Так, мне кажется, я читала ее мысли тогда, в Петербурге, в то время, как она уже стояла передо мной в круглом выгибе рояля. «Сонечка!» — шепнула она, и я поняла, во-первых, что надо начинать, а во-вторых, что она — певица, а я — аккомпаниаторша, что концерт этот — ее концерт, а не «наш», как она говорила, что слава — для нее, что счастье — для нее, что меня кто-то обманул, обмерил, обвесил, что я оставлена в дурах Богом и судьбой.
Огромный зал был полон. Молодежь в антракте ломилась в артистическую, где нас окружил весь цвет консерватории и Мариинского театра. Я стояла молча, время от времени Мария Николаевна знакомила меня с подходившими, большинство из них я знала, но говорить мне с ними казалось неприличным, да и не о чем было мне говорить. Кто-то похвалил меня, переспросив мою фамилию, но тут подошел Павел Федорович, и все сразу засмеялись чему-то, заговорили.
— Сонечка, где-то мой платок, — шепнула мне Мария Николаевна, делая испуганные глаза, — что-то в носу как будто сыро.
И я понятливо заискала платок, и нашла его под стулом, и подала ей.
Мама была тут же. У нее было счастливое лицо, чуть покрасневший от умиления нос. Она успела шепнуть мне:
— Первый твой триумф, Сонечка!
Я удивленно взглянула на нее — нет, она не смеялась надо мной.
Оттого, что часы были переставлены вперед на три часа, оттого, что стоял апрель, ночь была совсем светлой; мы вернулись домой в первом часу. Я слушала, как Павел Федорович ужинал один в столовой, стоя у буфета, я слышала, как Мария Николаевна позвонила кому-то по телефону. Ночью можно было соединяться с трудом. Ей долго не давали номер. Потом она говорила — очень тихо, очень тихо. Я не двигалась у себя. Я могла приложить ухо к двери и услышать каждое слово, но я не двигалась, я сидела на постели. Какое мне дело, что у нее любовник или два? Пусть Павел Федорович убьет ее или их, или она сама над собой что-нибудь сделает. Я, я-то что буду в жизни делать? Я, я то зачем живу на свете?
И вдруг открывается дверь, входит она:
— Вы еще не спите? Дайте я поцелую вас. Спасибо за сегодняшний вечер.
Я беру ее за руку, бормочу: ну, что вы, Мария Николаевна, при чем здесь я?
Она кладет мне в рот чернослив и смеется.
На следующий день в восемь часов вечера мы выехали в Москву.

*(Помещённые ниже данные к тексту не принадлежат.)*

lemma two_edge_descent:
  assumes det: "det2 u v \<noteq> 0" and k1: "k1 > 0" and k2: "k2 > 0"
  obtains c K where "c > 0" "K \<ge> 0"
    "\<And>e. norm e \<le> min (norm u) (norm v) / 2 \<Longrightarrow>
       e \<bullet> (edge_term isd k1 (u - e) u + edge_term isd k2 (v - e) v) \<le> - c * (norm e)\<^sup>2 + K * norm e ^ 3"
proof -
  have u: "u \<noteq> 0" and v: "v \<noteq> 0" using det unfolding det2_def by auto
  obtain \<alpha>1 K1 where \<alpha>1: "\<alpha>1 > 0" "K1 \<ge> 0" and desc1: "\<And>e. norm e \<le> norm u / 2 \<Longrightarrow>
      e \<bullet> edge_term isd k1 (u - e) u \<le> - \<alpha>1 * edge_gauge isd u e + K1 * norm e ^ 3"
    using edge_term_descent[OF u k1] by metis
  obtain \<alpha>2 K2 where \<alpha>2: "\<alpha>2 > 0" "K2 \<ge> 0" and desc2: "\<And>e. norm e \<le> norm v / 2 \<Longrightarrow>
      e \<bullet> edge_term isd k2 (v - e) v \<le> - \<alpha>2 * edge_gauge isd v e + K2 * norm e ^ 3"
    using edge_term_descent[OF v k2] by metis
  define N where "N = (norm u)\<^sup>2 + (norm v)\<^sup>2"
  have N: "N > 0" unfolding N_def using u by (simp add: add_pos_nonneg)
  define c where "c = min \<alpha>1 \<alpha>2 * (det2 u v)\<^sup>2 / N"
  show ?thesis
  proof (rule that)
    show "c > 0" unfolding c_def using \<alpha>1 \<alpha>2 N det by simp
    show "K1 + K2 \<ge> 0" using \<alpha>1 \<alpha>2 by simp
    fix e :: "real^2" assume e: "norm e \<le> min (norm u) (norm v) / 2"
    have "(det2 u v)\<^sup>2 * (norm e)\<^sup>2 / N \<le> edge_gauge isd u e + edge_gauge isd v e"
      using edge_gauge_coercive[of u v e isd] N by (simp add: N_def field_simps)
    then have "min \<alpha>1 \<alpha>2 * ((det2 u v)\<^sup>2 * (norm e)\<^sup>2 / N)
        \<le> min \<alpha>1 \<alpha>2 * (edge_gauge isd u e + edge_gauge isd v e)"
      using \<alpha>1 \<alpha>2 by (intro mult_left_mono) auto
    then have gauge: "c * (norm e)\<^sup>2 \<le> min \<alpha>1 \<alpha>2 * (edge_gauge isd u e + edge_gauge isd v e)"
      by (simp add: c_def)
    have "e \<bullet> (edge_term isd k1 (u - e) u + edge_term isd k2 (v - e) v)
        \<le> - \<alpha>1 * edge_gauge isd u e - \<alpha>2 * edge_gauge isd v e + (K1 + K2) * norm e ^ 3"
      using desc1[of e] desc2[of e] e by (simp add: inner_add_right algebra_simps)
    also have "\<dots> \<le> - min \<alpha>1 \<alpha>2 * (edge_gauge isd u e + edge_gauge isd v e) + (K1 + K2) * norm e ^ 3"
      using edge_gauge_nonneg[of isd u e] edge_gauge_nonneg[of isd v e]
        mult_right_mono[OF min.cobounded1[of \<alpha>1 \<alpha>2], of "edge_gauge isd u e"]
        mult_right_mono[OF min.cobounded2[of \<alpha>1 \<alpha>2], of "edge_gauge isd v e"]
      by (simp add: algebra_simps)
    also have "\<dots> \<le> - c * (norm e)\<^sup>2 + (K1 + K2) * norm e ^ 3" using gauge by simp
    finally show "e \<bullet> (edge_term isd k1 (u - e) u + edge_term isd k2 (v - e) v)
        \<le> - c * (norm e)\<^sup>2 + (K1 + K2) * norm e ^ 3" .
  qed
qed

Мама была на вокзале, и Митенька, и внучка X., и еще человек тридцать полузнакомых или вовсе незнакомых мне людей. Мария Николаевна стояла в окне международного вагона, в белой лайковой шапочке, с белым песцом на плече. Я старалась поймать, на кого из мужчин она чаще всего смотрит, но мама, заплаканная, растерявшая все слова, то и дело становилась между мной и ею.
— Возвращайся, девочка моя, — говорила она, — что-то со всеми нами будет? Мой талантик светлый, будь счастлива! Дай Бог Травиным здоровья, какие они добрые, милые. Будь осторожна, смотри, старайся… Сонечка, моя крошечка…
Я слушала ее лепет и несмотря на то, что половину его не понимала, что-то доходило до меня в те минуты из этих последних слов. «Мамочка, — отвечала я, — все будет хорошо, мамочка, видишь, как уже все хорошо устраивается. И о чем беспокоишься? Не надо беспокоиться. Будь здорова, мамочка». Она плакала, обнимала меня. Прозвонил звонок. Я вскочила на площадку. В это время из толпы провожающих вышел человек в военном френче с нашивками, с лоснящейся у пояса кобурой, сделал два шага за вагоном, крепко пожал свесившуюся руку Павла Федоровича, поцеловал два раза руку Марии Николаевны и взмахнул фуражкой. Все замахали шляпами и платками, даже Митенька. Человек во френче крупным шагом пошел рядом с окном.